== Segment start ==

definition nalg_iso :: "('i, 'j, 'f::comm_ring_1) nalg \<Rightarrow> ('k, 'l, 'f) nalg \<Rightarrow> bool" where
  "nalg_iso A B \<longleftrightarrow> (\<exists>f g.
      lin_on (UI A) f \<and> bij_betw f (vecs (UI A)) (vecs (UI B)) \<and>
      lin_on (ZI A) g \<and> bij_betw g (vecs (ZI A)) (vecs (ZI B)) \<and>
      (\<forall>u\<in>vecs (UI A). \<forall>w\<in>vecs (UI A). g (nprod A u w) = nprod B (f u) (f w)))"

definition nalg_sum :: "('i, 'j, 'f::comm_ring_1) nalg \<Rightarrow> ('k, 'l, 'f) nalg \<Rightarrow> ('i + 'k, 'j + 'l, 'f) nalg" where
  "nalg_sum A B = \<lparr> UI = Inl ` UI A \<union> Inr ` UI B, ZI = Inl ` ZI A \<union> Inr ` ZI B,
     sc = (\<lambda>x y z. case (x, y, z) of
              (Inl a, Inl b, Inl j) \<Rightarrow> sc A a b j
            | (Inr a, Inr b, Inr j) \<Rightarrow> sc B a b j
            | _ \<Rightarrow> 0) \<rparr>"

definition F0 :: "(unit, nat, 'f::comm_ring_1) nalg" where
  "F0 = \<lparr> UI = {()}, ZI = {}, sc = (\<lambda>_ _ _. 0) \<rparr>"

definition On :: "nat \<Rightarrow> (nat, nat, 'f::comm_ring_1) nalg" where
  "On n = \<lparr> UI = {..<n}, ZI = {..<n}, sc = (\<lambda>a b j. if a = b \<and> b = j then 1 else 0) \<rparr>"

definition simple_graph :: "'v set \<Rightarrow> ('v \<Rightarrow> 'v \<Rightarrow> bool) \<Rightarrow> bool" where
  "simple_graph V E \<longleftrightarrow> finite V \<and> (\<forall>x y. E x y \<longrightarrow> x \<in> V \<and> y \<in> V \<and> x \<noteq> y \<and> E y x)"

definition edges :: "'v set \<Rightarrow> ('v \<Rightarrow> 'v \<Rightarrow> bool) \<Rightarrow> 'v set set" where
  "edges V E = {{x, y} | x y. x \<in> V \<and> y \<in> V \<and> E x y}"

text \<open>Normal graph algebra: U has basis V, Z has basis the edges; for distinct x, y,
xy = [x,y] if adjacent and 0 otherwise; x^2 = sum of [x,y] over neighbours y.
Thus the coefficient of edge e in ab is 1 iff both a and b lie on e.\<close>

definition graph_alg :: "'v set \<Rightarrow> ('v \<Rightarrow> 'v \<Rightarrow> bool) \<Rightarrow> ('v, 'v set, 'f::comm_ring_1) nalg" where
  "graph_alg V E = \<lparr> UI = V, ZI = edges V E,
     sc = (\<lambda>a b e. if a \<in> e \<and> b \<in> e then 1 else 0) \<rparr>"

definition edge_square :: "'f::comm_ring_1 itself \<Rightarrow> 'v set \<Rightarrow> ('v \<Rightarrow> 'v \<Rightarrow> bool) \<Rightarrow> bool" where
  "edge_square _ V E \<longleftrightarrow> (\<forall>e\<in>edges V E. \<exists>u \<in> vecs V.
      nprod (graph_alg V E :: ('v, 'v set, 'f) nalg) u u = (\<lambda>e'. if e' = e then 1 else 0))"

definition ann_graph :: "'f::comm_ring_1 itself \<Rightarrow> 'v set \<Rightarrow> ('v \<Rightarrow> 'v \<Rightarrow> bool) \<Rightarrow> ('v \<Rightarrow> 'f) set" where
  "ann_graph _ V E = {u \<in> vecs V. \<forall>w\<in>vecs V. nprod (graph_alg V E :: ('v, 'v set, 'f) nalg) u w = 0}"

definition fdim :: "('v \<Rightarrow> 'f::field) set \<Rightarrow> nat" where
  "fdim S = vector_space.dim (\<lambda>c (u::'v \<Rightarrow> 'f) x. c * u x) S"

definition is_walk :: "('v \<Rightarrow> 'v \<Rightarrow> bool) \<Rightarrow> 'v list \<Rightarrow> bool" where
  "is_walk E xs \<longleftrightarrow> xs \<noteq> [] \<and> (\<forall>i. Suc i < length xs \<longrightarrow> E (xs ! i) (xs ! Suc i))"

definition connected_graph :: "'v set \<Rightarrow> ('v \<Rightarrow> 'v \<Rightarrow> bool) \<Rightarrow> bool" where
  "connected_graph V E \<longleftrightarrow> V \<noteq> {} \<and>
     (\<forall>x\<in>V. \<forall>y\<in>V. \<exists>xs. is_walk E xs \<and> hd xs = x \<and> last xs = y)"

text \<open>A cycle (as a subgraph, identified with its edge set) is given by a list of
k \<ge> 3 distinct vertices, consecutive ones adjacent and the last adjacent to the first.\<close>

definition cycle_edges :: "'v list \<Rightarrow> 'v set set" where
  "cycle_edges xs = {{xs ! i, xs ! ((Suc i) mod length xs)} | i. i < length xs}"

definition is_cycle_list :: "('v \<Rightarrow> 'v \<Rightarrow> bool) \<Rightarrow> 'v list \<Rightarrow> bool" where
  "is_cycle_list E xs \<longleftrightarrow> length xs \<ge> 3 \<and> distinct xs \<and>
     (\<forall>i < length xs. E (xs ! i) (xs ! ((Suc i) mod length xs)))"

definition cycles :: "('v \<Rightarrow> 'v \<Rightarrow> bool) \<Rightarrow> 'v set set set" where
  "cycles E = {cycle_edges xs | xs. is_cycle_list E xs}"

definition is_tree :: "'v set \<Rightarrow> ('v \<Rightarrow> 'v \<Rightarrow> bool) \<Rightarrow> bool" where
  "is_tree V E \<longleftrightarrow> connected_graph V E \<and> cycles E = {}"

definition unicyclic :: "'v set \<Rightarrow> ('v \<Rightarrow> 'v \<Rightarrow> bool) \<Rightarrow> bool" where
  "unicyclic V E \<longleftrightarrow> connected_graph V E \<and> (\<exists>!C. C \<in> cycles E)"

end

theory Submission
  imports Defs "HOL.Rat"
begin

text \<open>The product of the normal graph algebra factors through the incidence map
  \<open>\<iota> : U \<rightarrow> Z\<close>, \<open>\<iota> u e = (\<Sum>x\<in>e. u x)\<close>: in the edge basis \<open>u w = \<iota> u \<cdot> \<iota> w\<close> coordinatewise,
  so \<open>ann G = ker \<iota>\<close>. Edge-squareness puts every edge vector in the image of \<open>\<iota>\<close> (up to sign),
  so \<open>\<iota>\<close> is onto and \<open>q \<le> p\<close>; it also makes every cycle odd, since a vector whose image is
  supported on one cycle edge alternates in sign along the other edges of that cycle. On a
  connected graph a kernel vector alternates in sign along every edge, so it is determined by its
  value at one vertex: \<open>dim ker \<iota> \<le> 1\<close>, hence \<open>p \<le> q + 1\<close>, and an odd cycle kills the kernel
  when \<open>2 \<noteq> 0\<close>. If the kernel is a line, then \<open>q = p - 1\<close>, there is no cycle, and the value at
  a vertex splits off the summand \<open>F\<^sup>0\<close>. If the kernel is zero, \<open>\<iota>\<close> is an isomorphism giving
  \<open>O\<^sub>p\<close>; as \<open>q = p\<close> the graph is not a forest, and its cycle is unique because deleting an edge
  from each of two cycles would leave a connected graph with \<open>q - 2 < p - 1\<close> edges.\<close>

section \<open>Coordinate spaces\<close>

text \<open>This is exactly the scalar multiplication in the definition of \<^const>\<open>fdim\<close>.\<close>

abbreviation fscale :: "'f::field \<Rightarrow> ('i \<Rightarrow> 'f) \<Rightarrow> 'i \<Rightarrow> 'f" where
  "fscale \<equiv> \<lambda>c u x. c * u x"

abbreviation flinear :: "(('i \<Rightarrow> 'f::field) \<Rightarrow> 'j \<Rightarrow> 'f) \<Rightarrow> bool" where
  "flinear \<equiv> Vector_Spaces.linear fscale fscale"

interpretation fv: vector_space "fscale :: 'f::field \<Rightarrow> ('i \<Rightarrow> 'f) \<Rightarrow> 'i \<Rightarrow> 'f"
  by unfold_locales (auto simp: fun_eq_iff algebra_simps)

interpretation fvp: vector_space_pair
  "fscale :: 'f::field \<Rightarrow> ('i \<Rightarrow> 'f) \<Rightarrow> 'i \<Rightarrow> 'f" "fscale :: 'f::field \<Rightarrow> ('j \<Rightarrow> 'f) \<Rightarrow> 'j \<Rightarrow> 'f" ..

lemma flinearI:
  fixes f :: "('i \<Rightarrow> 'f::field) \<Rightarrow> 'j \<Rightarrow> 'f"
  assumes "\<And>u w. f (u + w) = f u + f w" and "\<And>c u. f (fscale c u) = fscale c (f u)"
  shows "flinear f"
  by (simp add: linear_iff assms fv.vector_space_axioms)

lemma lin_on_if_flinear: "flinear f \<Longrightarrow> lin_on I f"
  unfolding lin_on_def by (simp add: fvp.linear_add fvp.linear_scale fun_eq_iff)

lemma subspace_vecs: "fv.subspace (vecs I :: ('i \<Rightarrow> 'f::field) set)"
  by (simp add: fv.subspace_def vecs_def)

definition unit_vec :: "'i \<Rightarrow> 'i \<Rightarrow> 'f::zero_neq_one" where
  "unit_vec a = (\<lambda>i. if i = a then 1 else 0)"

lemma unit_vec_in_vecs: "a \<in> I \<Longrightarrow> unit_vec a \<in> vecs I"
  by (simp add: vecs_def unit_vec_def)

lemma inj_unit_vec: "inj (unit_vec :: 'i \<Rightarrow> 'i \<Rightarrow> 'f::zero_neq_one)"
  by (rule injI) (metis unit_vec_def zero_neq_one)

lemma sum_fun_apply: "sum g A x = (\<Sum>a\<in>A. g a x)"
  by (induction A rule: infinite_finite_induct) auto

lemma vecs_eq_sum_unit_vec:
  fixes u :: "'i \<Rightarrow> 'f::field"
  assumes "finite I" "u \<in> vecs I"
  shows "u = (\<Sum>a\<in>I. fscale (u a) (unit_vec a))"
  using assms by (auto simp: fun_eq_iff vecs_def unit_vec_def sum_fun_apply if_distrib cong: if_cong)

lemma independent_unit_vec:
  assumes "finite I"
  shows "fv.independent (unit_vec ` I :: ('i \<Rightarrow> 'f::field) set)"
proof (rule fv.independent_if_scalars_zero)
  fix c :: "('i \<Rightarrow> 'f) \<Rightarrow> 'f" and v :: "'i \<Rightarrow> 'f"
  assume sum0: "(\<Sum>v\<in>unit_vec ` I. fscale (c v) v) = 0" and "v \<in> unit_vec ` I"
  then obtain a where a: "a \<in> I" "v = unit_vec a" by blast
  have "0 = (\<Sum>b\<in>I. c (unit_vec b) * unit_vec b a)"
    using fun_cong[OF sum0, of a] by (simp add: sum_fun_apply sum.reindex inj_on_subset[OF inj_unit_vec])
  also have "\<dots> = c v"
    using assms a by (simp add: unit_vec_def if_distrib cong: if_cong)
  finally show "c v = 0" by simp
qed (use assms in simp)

== Segment end ==
== Segment start ==

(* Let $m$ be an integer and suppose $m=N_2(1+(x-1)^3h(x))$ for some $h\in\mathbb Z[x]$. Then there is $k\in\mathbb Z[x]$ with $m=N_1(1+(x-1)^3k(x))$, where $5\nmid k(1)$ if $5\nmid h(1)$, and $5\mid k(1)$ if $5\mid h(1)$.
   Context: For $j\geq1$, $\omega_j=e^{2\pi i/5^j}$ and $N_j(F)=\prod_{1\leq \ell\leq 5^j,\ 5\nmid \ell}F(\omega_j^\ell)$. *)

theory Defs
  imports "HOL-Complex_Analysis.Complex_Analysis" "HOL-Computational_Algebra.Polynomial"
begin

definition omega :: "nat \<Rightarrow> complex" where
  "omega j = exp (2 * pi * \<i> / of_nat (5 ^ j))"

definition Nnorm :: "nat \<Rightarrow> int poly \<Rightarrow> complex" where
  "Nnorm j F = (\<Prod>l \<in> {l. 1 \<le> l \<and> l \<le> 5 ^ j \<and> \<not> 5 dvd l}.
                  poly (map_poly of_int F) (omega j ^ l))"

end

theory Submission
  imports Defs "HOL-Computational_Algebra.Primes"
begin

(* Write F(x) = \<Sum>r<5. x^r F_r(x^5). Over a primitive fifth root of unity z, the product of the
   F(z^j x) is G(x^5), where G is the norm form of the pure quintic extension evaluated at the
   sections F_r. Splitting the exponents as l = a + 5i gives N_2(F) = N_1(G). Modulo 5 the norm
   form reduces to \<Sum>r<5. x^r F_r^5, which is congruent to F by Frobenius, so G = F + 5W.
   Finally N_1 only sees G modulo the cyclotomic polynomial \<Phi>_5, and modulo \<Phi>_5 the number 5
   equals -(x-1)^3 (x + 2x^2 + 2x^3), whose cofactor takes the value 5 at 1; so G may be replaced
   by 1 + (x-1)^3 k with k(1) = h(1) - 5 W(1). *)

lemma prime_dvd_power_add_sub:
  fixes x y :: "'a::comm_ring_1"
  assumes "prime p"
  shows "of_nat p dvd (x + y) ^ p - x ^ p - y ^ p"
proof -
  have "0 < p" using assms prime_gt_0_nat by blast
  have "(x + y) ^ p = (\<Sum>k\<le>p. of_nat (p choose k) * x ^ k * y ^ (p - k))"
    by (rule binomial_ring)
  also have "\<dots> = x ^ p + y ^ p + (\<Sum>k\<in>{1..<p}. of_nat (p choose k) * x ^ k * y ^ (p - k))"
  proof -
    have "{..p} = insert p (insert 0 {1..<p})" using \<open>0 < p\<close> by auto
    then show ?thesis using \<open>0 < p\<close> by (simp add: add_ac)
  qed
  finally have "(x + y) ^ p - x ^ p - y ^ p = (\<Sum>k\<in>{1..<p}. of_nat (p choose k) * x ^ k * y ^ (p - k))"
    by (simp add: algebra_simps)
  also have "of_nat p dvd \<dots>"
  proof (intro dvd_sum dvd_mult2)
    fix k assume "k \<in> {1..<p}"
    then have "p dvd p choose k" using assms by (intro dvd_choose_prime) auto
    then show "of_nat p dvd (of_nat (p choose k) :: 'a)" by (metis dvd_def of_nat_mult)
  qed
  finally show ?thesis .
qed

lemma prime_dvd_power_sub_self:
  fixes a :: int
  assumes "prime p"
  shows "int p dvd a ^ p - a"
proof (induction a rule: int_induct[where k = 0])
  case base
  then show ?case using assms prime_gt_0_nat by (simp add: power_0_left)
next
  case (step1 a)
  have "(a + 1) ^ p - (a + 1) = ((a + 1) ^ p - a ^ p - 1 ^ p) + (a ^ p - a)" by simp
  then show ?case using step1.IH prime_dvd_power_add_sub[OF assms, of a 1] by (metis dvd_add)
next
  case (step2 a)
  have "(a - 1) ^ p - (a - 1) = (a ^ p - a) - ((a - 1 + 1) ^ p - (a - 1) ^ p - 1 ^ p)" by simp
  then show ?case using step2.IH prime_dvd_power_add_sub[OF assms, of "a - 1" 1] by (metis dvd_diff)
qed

== Segment end ==

▶ _Goal of the exercise_
Every line that contains the string "distinct" should be copied from the records.

▶ _Answer to this problem_
text \<open>Normal graph algebra: U has basis V, Z has basis the edges; for distinct x, y,
k \<ge> 3 distinct vertices, consecutive ones adjacent and the last adjacent to the first.\<close>
  "is_cycle_list E xs \<longleftrightarrow> length xs \<ge> 3 \<and> distinct xs \<and>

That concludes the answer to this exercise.